Solved

Best way to find duplicate message in database

Posted on 2014-03-10
7
27 Views
Last Modified: 2016-05-18
Hi,

I need to check if a similar message already exist in the database before inserting new record/message.

What's the fastest way to do so ?

also keep in mind I don't have to check exact same copy by similar record I mean two text which are over 90% identical.

Thanks in advance
0
Comment
Question by:anamarif
7 Comments
 
LVL 142

Expert Comment

by:Guy Hengel [angelIII / a3]
ID: 39917943
it really depends on what you (want to) consider as "duplicate/similar"
please clarify this, as that is the key to whatever solution you want to apply.
0
 

Author Comment

by:anamarif
ID: 39918019
What I consider similar depends on what's lightweight to server, I am not very strict here to go through all complex algorithims to detect similarities.
0
 
LVL 34

Accepted Solution

by:
gr8gonzo earned 500 total points
ID: 39918167
1. You shouldn't try to figure out an algorithm based on "what's lightweight" - you might find an algorithm that does something lightweight but it almost never works, so you just added another unnecessary straw to the camel's back and wasted coding time.

You should know upfront how similar two messages should be before they can be considered duplicates, and whether or not certain data can be excluded. For example, I could send two identical email messages to someone back to back and they would still be different because of the email headers (date/times, etc...).

2. You might also have two messages that are identical except for numbers ("Deposit $100000 into my account" and "Deposit $1" into my account"), so are those going to be duplicates or do numbers count?

3. When all you are analyzing is comprised of words, I typically approach it with a metaphone and a hash.
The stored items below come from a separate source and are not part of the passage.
lemma factorizes_but_one_factor:
  assumes t: "t \<in> A" and b0: "h b0 \<noteq> 0"
  shows "\<exists>u \<phi>. (\<forall>s. \<phi> s \<in> D) \<and> (\<forall>b. h b = u (b t) * (\<Prod>s\<in>A - {t}. \<phi> s (b s)))"
proof -
  define u where "u = (\<lambda>a. h (b0(t := a)))"
  have "u (b0 t) \<noteq> 0" unfolding u_def using b0 by simp
  then obtain w where w: "w \<in> {w1, w2}" "dot w u \<noteq> 0"
    using dot_eq_0_imp_eq_0[OF d12, of u "b0 t"] by blast
  obtain c \<phi> where \<phi>: "\<forall>s. \<phi> s \<in> D"
    and g: "\<And>b. dot w (\<lambda>a. h (b(t := a))) = c * (\<Prod>s\<in>A - {t}. \<phi> s (b s))"
    using contractions[OF t, of w] w(1) unfolding factorizes_def by blast
  have "h b = (c / dot w u * u (b t)) * (\<Prod>s\<in>A - {t}. \<phi> s (b s))" for b
  proof -
    have swap: "h (b(t := x)) * u y = h (b(t := y)) * u x" for x y
      using det2_eq_0_swap[OF slices_parallel[OF t,
            of b b0]] unfolding u_def .
    have "h b * dot w u = w False * (h (b(t := b t)) * u False) + w True * (h (b(t := b t)) * u True)"
      unfolding dot_def by (simp add: algebra_simps)
    also have "\<dots> = w False * (h (b(t := False)) * u (b t)) + w True * (h (b(t := True)) * u (b t))"
      by (simp only: swap)
    also have "\<dots> = u (b t) * dot w (\<lambda>a. h (b(t := a)))"
      unfolding dot_def by (simp add: algebra_simps)
    finally have "h b * dot w u = u (b t) * dot w (\<lambda>a. h (b(t := a)))" .
    then show ?thesis using g w(2) by (simp add: field_simps)
  qed
  then show ?thesis using \<phi> by (intro exI[of _ "\<lambda>a. c / dot w u * u a"] exI[of _ \<phi>]) simp
qed
lemma xbar_Suc: "xbar (Suc k) = xbar k - \<mu> *\<^sub>R (gbar (xbar k) + gradient_error k)"
proof -
  have "xbar (Suc k) = vmean (\<chi> i. x k i - \<mu> *\<^sub>R g i (x k i))"
    by (simp add: xbar_def stack_Suc vmean_kron_mv colsums_one_matpow colsums)
  also have "\<dots> = xbar k - \<mu> *\<^sub>R vmean (\<chi> i. g i (x k i))"
    by (simp add: xbar_def stack_def vmean_def sum_subtractf scaleR_sum_right[symmetric] algebra_simps)
  also have "vmean (\<chi> i. g i (x k i)) = gbar (xbar k) + gradient_error k"
    by (simp add: gbar_def gradient_error_def vmean_def sum_subtractf algebra_simps)
  finally show ?thesis .
qed

lemma mean_has_derivative_gbar:
  assumes "\<And>i z. (F i has_derivative (\<lambda>h. g i z \<bullet> h)) (at z)"
  shows "((\<lambda>z. (1 / real CARD('n)) * (\<Sum>i\<in>UNIV. F i z)) has_derivative (\<lambda>h. gbar z \<bullet> h)) (at z)"
proof -
  have "((\<lambda>z. (1 / real CARD('n)) * (\<Sum>i\<in>UNIV. F i z))
      has_derivative (\<lambda>h. (1 / real CARD('n)) * (\<Sum>i\<in>UNIV. g i z \<bullet> h))) (at z)"
    using assms by (intro derivative_intros) auto
  then show ?thesis
    by (rule has_derivative_eq_rhs) (simp add: fun_eq_iff gbar_def vmean_def inner_sum_left)
qed

lemma gbar_lipschitz: "norm (gbar a - gbar b) \<le> L * norm (a - b)"
proof -
  have "gbar a - gbar b = vmean (\<chi> i. g i a - g i b)"
    by (simp add: gbar_def vmean_def sum_subtractf algebra_simps)
  then show ?thesis
    by (simp add: norm_vmean_le g_lipschitz)
qed

lemma norm_gradient_error_le: "norm (gradient_error k) \<le> L * consensus_error k"
  unfolding gradient_error_def
proof (rule norm_vmean_le)
  fix i
  have "norm (x k i - xbar k) \<le> consensus_error k"
    using Finite_Cartesian_Product.norm_nth_le[of "stack k - vec (xbar k)" i]
    by (simp add: consensus_error_def stack_def)
  then show "norm ((\<chi> i. g i (x k i) - g i (xbar k)) $ i) \<le> L * consensus_error k"
    using g_lipschitz[of i "x k i" "xbar k"] L_nonneg by (simp add: order_trans mult_left_mono)
qed

lemma norm_stack_minus_vec_le:
  "norm (stack k - vec z) \<le> sqrt (real CARD('n)) * (consensus_error k + norm (xbar k - z))"
proof -
  have "stack k - vec z = (stack k - vec (xbar k)) + vec (xbar k - z)"
    by (simp add: vec_eq_iff)
  then have "norm (stack k - vec z) \<le> consensus_error k + sqrt (real CARD('n)) * norm (xbar k - z)"
    by (metis consensus_error_def norm_triangle_ineq norm_vec_eq)
  also have "\<dots> \<le> sqrt (real CARD('n)) * (consensus_error k + norm (xbar k - z))"
    using mult_right_mono[of 1 "sqrt (real CARD('n))" "consensus_error k"]
    by (simp add: consensus_error_def distrib_left)
  finally show ?thesis .
qed

lemma consensus_error_Suc:
  "consensus_error (Suc k) \<le> spec_norm (W - avg_mat) ^ t k *
     (2 * sqrt (real CARD('n)) * (consensus_error k + norm (xbar k - z)) + \<mu> * norm (\<chi> i. g i z))"
proof -
  define Y where "Y = (\<chi> i. x k i - \<mu> *\<^sub>R g i (x k i))"
  define G where "G = (\<chi> i. g i (x k i))"
  define D where "D = norm (stack k - vec z)"
  have "norm (G - (\<chi> i. g i z)) \<le> L * D"
    unfolding D_def using g_lipschitz L_nonneg
    by (rule_tac norm_vec_le_scaled) (simp_all add: G_def stack_def)
  then have G_le: "norm G \<le> L * D + norm (\<chi> i. g i z)"
    using norm_triangle_sub[of G "\<chi> i. g i z"] by linarith
  have Y_minus_vec: "Y - vec z = (stack k - vec z) - \<mu> *\<^sub>R G"
    by (simp add: Y_def G_def stack_def vec_eq_iff)
  have "norm (Y - vec z) \<le> D + \<mu> * norm G"
    unfolding Y_minus_vec D_def
    using norm_triangle_ineq4[of "stack k - vec z" "\<mu> *\<^sub>R G"] mu_pos by simp
  also have "\<dots> \<le> D + \<mu> * (L * D + norm (\<chi> i. g i z))"
    using G_le mu_pos by simp
  also have "\<dots> = (1 + \<mu> * L) * D + \<mu> * norm (\<chi> i. g i z)"
    by (simp add: algebra_simps)
  also have "\<dots> \<le> 2 * D + \<mu> * norm (\<chi> i. g i z)"
    using mu_L by (simp add: D_def mult_right_mono)
  also have "\<dots> \<le> 2 * sqrt (real CARD('n)) * (consensus_error k + norm (xbar k - z)) + \<mu> * norm (\<chi> i. g i z)"
    using norm_stack_minus_vec_le[of k z] by (simp add: D_def)
  finally have Y_le: "norm (Y - vec z) \<le> \<dots>" .
  have "consensus_error (Suc k) \<le> spec_norm (W - avg_mat) ^ t k * norm (Y - vec (vmean Y))"
    using consensus_contraction[OF rowsums colsums, of "t k" Y]
    by (simp add: consensus_error_def xbar_def stack_Suc Y_def)
  also have "\<dots> \<le> spec_norm (W - avg_mat) ^ t k * norm (Y - vec z)"
    by (intro mult_left_mono norm_minus_vmean_le) (simp add: spec_norm_nonneg)
  finally show ?thesis
    using Y_le by (smt (verit) mult_left_mono spec_norm_nonneg zero_le_power)
qed

lemma dist_xbar_Suc_le:
  fixes F :: "real^'p \<Rightarrow> real"
  assumes convex: "convex_on UNIV F"
    and gradient: "\<And>z. (F has_derivative (\<lambda>h. gbar z \<bullet> h)) (at z)"
    and minimum: "\<And>z. F xs \<le> F z"
  shows "norm (xbar (Suc k) - xs) \<le> norm (xbar k - xs) + 2 * \<mu> * L * consensus_error k"
proof -
  have "norm (xbar (Suc k) - xs) \<le> norm (xbar k - xs) + 2 * (\<mu> * norm (gradient_error k))"
    by (rule inexact_gradient_step_dist[OF convex gradient gbar_lipschitz mu_pos mu_L xbar_Suc minimum])
  also have "\<mu> * norm (gradient_error k) \<le> \<mu> * (L * consensus_error k)"
    using norm_gradient_error_le[of k] mu_pos by simp
  finally show ?thesis
    by (simp add: algebra_simps)
qed

lemma errors_bounded:
  fixes F :: "real^'p \<Rightarrow> real"
  assumes convex: "convex_on UNIV F"
    and gradient: "\<And>z. (F has_derivative (\<lambda>h. gbar z \<bullet> h)) (at z)"
    and minimum: "\<And>z. F xs \<le> F z"
    and summable: "summable (\<lambda>k. spec_norm (W - avg_mat) ^ t k)"
  obtains B E where "0 \<le> B" "\<And>k. consensus_error k \<le> B" "\<And>k. norm (xbar k - xs) \<le> B"
    and "\<And>T. (\<Sum>k<T. consensus_error k) \<le> E"
proof -
  define e where "e = consensus_error"
  define r where "r k = norm (xbar k - xs)" for k
  define b where "b k = spec_norm (W - avg_mat) ^ t k" for k
  define a0 where "a0 = \<mu> * norm (\<chi> i. g i xs)"
  have nonneg: "0 \<le> e k" "0 \<le> r k" "0 \<le> b k" for k
    by (simp_all add: e_def consensus_error_def r_def b_def spec_norm_nonneg)
  have coeffs: "0 \<le> 2 * sqrt (real CARD('n))" "0 \<le> a0" "0 < 2 * \<mu> * L"
    using mu_pos L_pos by (simp_all add: a0_def)
  have e_Suc: "e (Suc k) \<le> b k * (2 * sqrt (real CARD('n)) * (e k + r k) + a0)" for k
    using consensus_error_Suc[of k xs] by (simp add: e_def r_def b_def a0_def)
  have r_Suc: "r (Suc k) \<le> r k + 2 * \<mu> * L * e k" for k
    unfolding e_def r_def by (rule dist_xbar_Suc_le[OF convex gradient minimum])
  have "summable b"
    using summable by (simp add: b_def[abs_def])
  obtain B where B: "\<And>k. e k \<le> B" "\<And>k. r k \<le> B"
    using coupled_recursion_bounded[of e r b, OF nonneg \<open>summable b\<close> coeffs e_Suc r_Suc] by blast
  have B_nonneg: "0 \<le> B"
    using B(1)[of 0] nonneg(1)[of 0] by linarith
  have "(\<Sum>k<T. e k) \<le> e 0 + suminf b * (2 * sqrt (real CARD('n)) * (B + B) + a0)" for T
  proof (rule sum_le_if_summable_steps[OF nonneg(1) _ nonneg(3) \<open>summable b\<close>])
    show "e (Suc k) \<le> b k * (2 * sqrt (real CARD('n)) * (B + B) + a0)" for k
      using e_Suc[of k] B[of k] nonneg[of k] coeffs
      by (smt (verit) add_mono mult_left_mono)
  qed (use B_nonneg coeffs in simp)
  with B B_nonneg show ?thesis
    using that unfolding e_def r_def by blast
qed

lemma ergodic_bound:
  fixes F :: "real^'p \<Rightarrow> real"
  assumes convex: "convex_on UNIV F"
    and gradient: "\<And>z. (F has_derivative (\<lambda>h. gbar z \<bullet> h)) (at z)"
    and minimum: "\<And>z. F xs \<le> F z"
    and summable: "summable (\<lambda>k. spec_norm (W - avg_mat) ^ t k)"
  obtains C where "\<And>T. T \<noteq> 0 \<Longrightarrow> real T * (F ((1 / real T) *\<^sub>R (\<Sum>k<T. xbar k)) - F xs) \<le> C"
proof -
  obtain B E where B: "0 \<le> B" "\<And>k. consensus_error k \<le> B" "\<And>k. norm (xbar k - xs) \<le> B"
    and E: "\<And>T. (\<Sum>k<T. consensus_error k) \<le> E"
    using errors_bounded[OF convex gradient minimum summable] by blast
  define C where "C = F (xbar 0) - F xs + (norm (xbar 0 - xs))\<^sup>2 / (2 * \<mu>) + L * B * E"
  have sum_le: "(\<Sum>k<Suc T. F (xbar k) - F xs) \<le> C" for T
  proof -
    have "norm (gradient_error k) * norm (xbar (Suc k) - xs) \<le> L * B * consensus_error k" for k
      using mult_mono[OF norm_gradient_error_le[of k] B(3)[of "Suc k"]] B(1) L_nonneg
      by (simp add: consensus_error_def algebra_simps)
    from inexact_gradient_telescope[where d = "\<lambda>k. L * B * consensus_error k",
        OF convex gradient gbar_lipschitz mu_pos mu_L xbar_Suc this]
    have "(\<Sum>k<Suc T. F (xbar k) - F xs)
        \<le> F (xbar 0) - F xs + (norm (xbar 0 - xs))\<^sup>2 / (2 * \<mu>) + (\<Sum>k<T. L * B * consensus_error k)" .
    also have "(\<Sum>k<T. L * B * consensus_error k) \<le> L * B * E"
      using E[of T] L_nonneg B(1) by (simp add: sum_distrib_left[symmetric] mult_left_mono)
    finally show ?thesis
      by (simp add: C_def)
  qed
  show ?thesis
  proof (rule that)
    fix T :: nat
    assume "T \<noteq> 0"
    then obtain T' where T': "T = Suc T'"
      using not0_implies_Suc by blast
    have "real T * (F ((1 / real T) *\<^sub>R (\<Sum>k<T. xbar k)) - F xs) \<le> (\<Sum>k<T. F (xbar k) - F xs)"
      using convex_on_average_le[OF convex \<open>T \<noteq> 0\<close>] .
    also have "\<dots> \<le> C"
      unfolding T' by (rule sum_le)
    finally show "real T * (F ((1 / real T) *\<^sub>R (\<Sum>k<T. xbar k)) - F xs) \<le> C" .
  qed
qed

end
definition no_edges :: "('a \<Rightarrow> 'a \<Rightarrow> bool) \<Rightarrow> 'a set \<Rightarrow> 'a set \<Rightarrow> bool" where
  "no_edges E X Y \<longleftrightarrow> (\<forall>x\<in>X. \<forall>y\<in>Y. \<not> E x y)"

text \<open>H=(V,E) is an r-skew LKS-graph with parameters (k,eta,eps,d), witnessed by the partition
  into L-clusters L 0,...,L (mL-1) and S-clusters S 0,...,S (mS-1).\<close>
definition skew_LKS ::
  "real \<Rightarrow> 'a set \<Rightarrow> ('a \<Rightarrow> 'a \<Rightarrow> bool) \<Rightarrow> real \<Rightarrow> real \<Rightarrow> real \<Rightarrow> real
     \<Rightarrow> (nat \<Rightarrow> 'a set) \<Rightarrow> nat \<Rightarrow> (nat \<Rightarrow> 'a set) \<Rightarrow> nat \<Rightarrow> bool" where
  "skew_LKS r V E k \<eta> \<epsilon> d L mL S mS \<longleftrightarrow>
     \<comment> \<open>partition of V\<close>
     (\<forall>i<mL. L i \<noteq> {}) \<and> (\<forall>j<mS. S j \<noteq> {})
     \<and> (\<forall>i<mL. \<forall>i'<mL. i \<noteq> i' \<longrightarrow> L i \<inter> L i' = {})
     \<and> (\<forall>j<mS. \<forall>j'<mS. j \<noteq> j' \<longrightarrow> S j \<inter> S j' = {})
     \<and> (\<forall>i<mL. \<forall>j<mS. L i \<inter> S j = {})
     \<and> (\<Union>i<mL. L i) \<union> (\<Union>j<mS. S j) = V
     \<comment> \<open>(i)\<close>
     \<and> real mL \<ge> (1 + \<eta>) * real mS
     \<comment> \<open>(ii)\<close>
     \<and> (\<forall>i<mL. \<forall>i'<mL. card (L i) = card (L i'))
     \<and> (\<forall>j<mS. \<forall>j'<mS. card (S j) = card (S j'))
     \<comment> \<open>(iii)\<close>
     \<and> (\<forall>i<mL. \<forall>j<mS. r * real (card (S j)) = (1 - r) * real (card (L i)))
     \<comment> \<open>(iv)\<close>
     \<and> (\<forall>i<mL. \<forall>i'<mL. i \<noteq> i' \<longrightarrow> density_ok E \<epsilon> d (L i) (L i'))
     \<and> (\<forall>i<mL. \<forall>j<mS. density_ok E \<epsilon> d (L i) (S j))
     \<comment> \<open>(v)\<close>
     \<and> (\<forall>i<mL. no_edges E (L i) (L i)) \<and> (\<forall>j<mS. no_edges E (S j) (S j))
     \<and> (\<forall>j<mS. \<forall>j'<mS. j \<noteq> j' \<longrightarrow> no_edges E (S j) (S j'))
     \<comment> \<open>(vi)\<close>
     \<and> (\<forall>i<mL. avg_deg_in E (L i) V \<ge> (1 + \<eta>) * k)"

definition typical :: "('a \<Rightarrow> 'a \<Rightarrow> bool) \<Rightarrow> real \<Rightarrow> 'a set \<Rightarrow> 'a set \<Rightarrow> 'a \<Rightarrow> bool" where
  "typical E \<epsilon> X Y x \<longleftrightarrow> real (deg_in E x Y) \<ge> (density E X Y - \<epsilon>) * real (card Y)"

definition ultratypical :: "('a \<Rightarrow> 'a \<Rightarrow> bool) \<Rightarrow> real \<Rightarrow> 'a set set \<Rightarrow> 'a set \<Rightarrow> 'a \<Rightarrow> bool" where
  "ultratypical E \<epsilon> Cl X x \<longleftrightarrow>
     real (card {Y \<in> Cl. Y \<noteq> X \<and> \<not> typical E \<epsilon> X Y x}) \<le> sqrt \<epsilon> * real (card Cl)"

end

theory Submission
  imports Defs
begin

text \<open>Every cluster has at least as many vertices as an \<open>L\<close>-cluster and at least \<open>r\<close> times as
  many as an \<open>S\<close>-cluster, since \<open>r |S| = (1 - r) |L|\<close> with \<open>r \<le> 1/2\<close>; averaging over the partition
  gives (1). For (2), both degrees split as sums over the clusters \<open>Y \<in> \<S>\<close>. The deficit
  \<open>avg_deg(C, Y) - deg(v, Y)\<close> is at most \<open>min \<epsilon> 1 |Y| \<le> \<surd>\<epsilon> |Y|\<close> when \<open>v\<close> is typical
  w.r.t. \<open>Y\<close>, it is at most \<open>0\<close> for \<open>Y = C\<close> since clusters are independent, and it is at most
  \<open>|Y| \<le> n / (r |V(H)|)\<close> on the at most \<open>\<surd>\<epsilon> |V(H)|\<close> remaining clusters. Summing gives
  \<open>\<surd>\<epsilon> n + \<surd>\<epsilon> n / r \<le> 2 \<surd>\<epsilon> n / r\<close>.\<close>

lemma deg_in_Union_disjoint:
  assumes "finite \<S>" "pairwise disjnt \<S>" "\<And>Y. Y \<in> \<S> \<Longrightarrow> finite Y"
  shows "deg_in E v (\<Union>\<S>) = (\<Sum>Y\<in>\<S>. deg_in E v Y)"
proof -
  have "{u \<in> \<Union>\<S>. E v u} = (\<Union>Y\<in>\<S>. {u \<in> Y. E v u})" by blast
  moreover have "card (\<Union>Y\<in>\<S>. {u \<in> Y. E v u}) = (\<Sum>Y\<in>\<S>. card {u \<in> Y. E v u})"
    using assms by (intro card_UN_disjoint) (auto simp: pairwise_def disjnt_def)
  ultimately show ?thesis unfolding deg_in_def by simp
qed

lemma avg_deg_in_Union_disjoint:
  assumes "finite \<S>" "pairwise disjnt \<S>" "\<And>Y. Y \<in> \<S> \<Longrightarrow> finite Y"
  shows "avg_deg_in E C (\<Union>\<S>) = (\<Sum>Y\<in>\<S>. avg_deg_in E C Y)"
proof -
  have "(\<Sum>a\<in>C. real (deg_in E a (\<Union>\<S>))) = (\<Sum>a\<in>C. \<Sum>Y\<in>\<S>. real (deg_in E a Y))"
    using deg_in_Union_disjoint[OF assms] by simp
  also have "\<dots> = (\<Sum>Y\<in>\<S>. \<Sum>a\<in>C. real (deg_in E a Y))" by (rule sum.swap)
  finally show ?thesis unfolding avg_deg_in_def by (simp add: sum_divide_distrib)
qed

lemma sum_deg_in_eq_edge_count:
  assumes "finite C" "finite Y"
  shows "(\<Sum>a\<in>C. deg_in E a Y) = edge_count E C Y"
proof -
  have "{(x, y). x \<in> C \<and> y \<in> Y \<and> E x y} = Sigma C (\<lambda>x. {y \<in> Y. E x y})" by auto
  then show ?thesis unfolding edge_count_def deg_in_def using assms by simp
qed

lemma avg_deg_in_eq_density:
  assumes "finite C" "finite Y"
  shows "avg_deg_in E C Y = density E C Y * real (card Y)"
proof (cases "Y = {}")
  case True
  then show ?thesis by (simp add: avg_deg_in_def deg_in_def)
next
  case False
  then have "card Y > 0" using assms(2) by auto
  moreover have "(\<Sum>a\<in>C. real (deg_in E a Y)) = real (edge_count E C Y)"
    using sum_deg_in_eq_edge_count[OF assms] by (metis of_nat_sum)
  ultimately show ?thesis unfolding avg_deg_in_def density_def by simp
qed

lemma avg_deg_in_le_card:
  assumes "finite Y"
  shows "avg_deg_in E C Y \<le> real (card Y)"
proof (cases "card C = 0")
  case True
  then show ?thesis by (simp add: avg_deg_in_def)
next
  case False
  have "(\<Sum>a\<in>C. real (deg_in E a Y)) \<le> (\<Sum>a\<in>C. real (card Y))"
    by (intro sum_mono) (simp add: deg_in_def assms card_mono)
  then show ?thesis using False unfolding avg_deg_in_def by (simp add: divide_le_eq mult.commute)
qed

lemma avg_deg_in_no_edges:
  assumes "no_edges E C Y"
  shows "avg_deg_in E C Y = 0"
proof -
  have no_neighbours: "{u \<in> Y. E a u} = {}" if "a \<in> C" for a
    using assms that unfolding no_edges_def by blast
  have "(\<Sum>a\<in>C. real (deg_in E a Y)) = 0"
    unfolding deg_in_def by (intro sum.neutral ballI) (simp add: no_neighbours)
  then show ?thesis unfolding avg_deg_in_def by simp
qed

lemma typical_avg_deg_in_le:
  assumes "finite C" "finite Y" "typical E \<epsilon> C Y v"
  shows "avg_deg_in E C Y - real (deg_in E v Y) \<le> \<epsilon> * real (card Y)"
  using assms(3) unfolding typical_def avg_deg_in_eq_density[OF assms(1,2)]
  by (simp add: algebra_simps)

lemma min_le_sqrt:
  fixes x :: real
  assumes "0 \<le> x"
  shows "min x 1 \<le> sqrt x"
proof (cases "x \<le> 1")
  case True
  then have "sqrt x * sqrt x \<le> sqrt x * 1"
    using assms by (intro mult_left_mono) auto
  then show ?thesis using assms by simp
qed simp

lemma typical_avg_deg_in_le_sqrt:
  assumes "finite C" "finite Y" "0 \<le> \<epsilon>" "typical E \<epsilon> C Y v"
  shows "avg_deg_in E C Y - real (deg_in E v Y) \<le> sqrt \<epsilon> * real (card Y)"
proof -
  have "avg_deg_in E C Y - real (deg_in E v Y) \<le> min \<epsilon> 1 * real (card Y)"
    using typical_avg_deg_in_le[OF assms(1,2,4)] avg_deg_in_le_card[OF assms(2), of E C]
    by (simp add: min_def)
  also have "\<dots> \<le> sqrt \<epsilon> * real (card Y)"
    using min_le_sqrt[OF assms(3)] by (intro mult_right_mono) auto
  finally show ?thesis .
qed

lemma le_card_Union_div_card:
  assumes "finite \<C>" "pairwise disjnt \<C>" "\<And>Y. Y \<in> \<C> \<Longrightarrow> finite Y" "\<C> \<noteq> {}"
    and "\<And>Y. Y \<in> \<C> \<Longrightarrow> m \<le> real (card Y)"
  shows "m \<le> real (card (\<Union>\<C>)) / real (card \<C>)"
proof -
  have "real (card \<C>) * m = (\<Sum>Y\<in>\<C>. m)" by simp
  also have "\<dots> \<le> (\<Sum>Y\<in>\<C>. real (card Y))" using assms(5) by (rule sum_mono)
  also have "\<dots> = real (card (\<Union>\<C>))"
    using card_Union_disjoint[OF assms(2,3)] by simp
  finally show ?thesis
    using assms(1,4) by (simp add: le_divide_eq mult.commute card_gt_0_iff)
qed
Metaphone is an algorithm that basically produces a code that represents what a string sounds like, which can help detect similarities between two strings, even if one is slightly different You could loop through a message and build a metaphone version of the message:

<?php

$msg1 = "Please deposit $10000 into my account.";
$msg2 = "Please deposit $1 into my account.";

echo metaphone($msg1) . "\n"; // Produces: PLSTPSTNTMKKNT
echo metaphone($msg2) . "\n"; // Produces: PLSTPSTNTMKKNT (identical)

?>

Open in new window


Of course, the metaphone could get REALLY long if you're processing a long message, so hashing it with SHA-1 will produce a 40-character string that -represents- the full metaphone:


<?php

$msg1 = "Please deposit $10000 into my account. Also, Lorem ipsum dolor sit amet, consectetur adipisicing elit, sed do eiusmod tempor incididunt ut labore et dolore magna aliqua. Ut enim ad minim veniam, quis nostrud exercitation ullamco laboris nisi ut aliquip ex ea commodo consequat. Duis aute irure dolor in reprehenderit in voluptate velit esse cillum dolore eu fugiat nulla pariatur. Excepteur sint occaecat cupidatat non proident, sunt in culpa qui officia deserunt mollit anim id est laborum.";

$msg2 = "Please deposit $1 into my account.. Also, lorem IPSUM dolor sit amet, consectetur adipisicing elit, sed do eiusmod tempor incididunt ut labore et dolore magna aliqua. Ut enim ad minim veniam, quis nostrud exercitation ullamco laboris nisi ut aliquip ex ea commodo consequat. Duis aute irure dolor in reprehenderit in voluptate velit esse cillum dolore eu fugiat nulla pariatur. Excepteur sint occaecat cupidatat non proident, sunt in culpa qui officia deserunt mollit anim id est laborum.";

echo sha1(metaphone($msg1)) . "\n"; // Produces: 8b49c819cbc1f4667fff40f758643f0d6b6e0f13
echo sha1(metaphone($msg2)) . "\n"; // Produces: 8b49c819cbc1f4667fff40f758643f0d6b6e0f13 (identical)

?>

Open in new window


You can store that hash in a separate column (indexed!!!) in the same record as the message in the database. Then, later, before you insert another message, just do a search against that column for the hash of your new message:

SELECT id FROM your_messages_table WHERE message_hash = '<SHA-1 hash of the new message's metaphone>';

If any IDs come back, you have a VERY high probability of having a duplicate message.
0
Maximize Your Threat Intelligence Reporting

Reporting is one of the most important and least talked about aspects of a world-class threat intelligence program. Here’s how to do it right.

 

Author Comment

by:anamarif
ID: 39918179
that's very nice, is it possible to include numbers as well,like in case of this :-

$msg1 = "Please deposit $10000 into my account.";
$msg2 = "Please deposit $1 into my account.";

these aren't considered similar due to different numbers, can we use metaphone approach with numbers as well?
0
 
LVL 34

Assisted Solution

by:gr8gonzo
gr8gonzo earned 500 total points
ID: 39918365
Sort of, but you also have to make sure you're not analyzing content that will ALWAYS be different (e.g. automatically-generated dates/times / timestamps) otherwise you will always have a different result, even if the actual message content is the same.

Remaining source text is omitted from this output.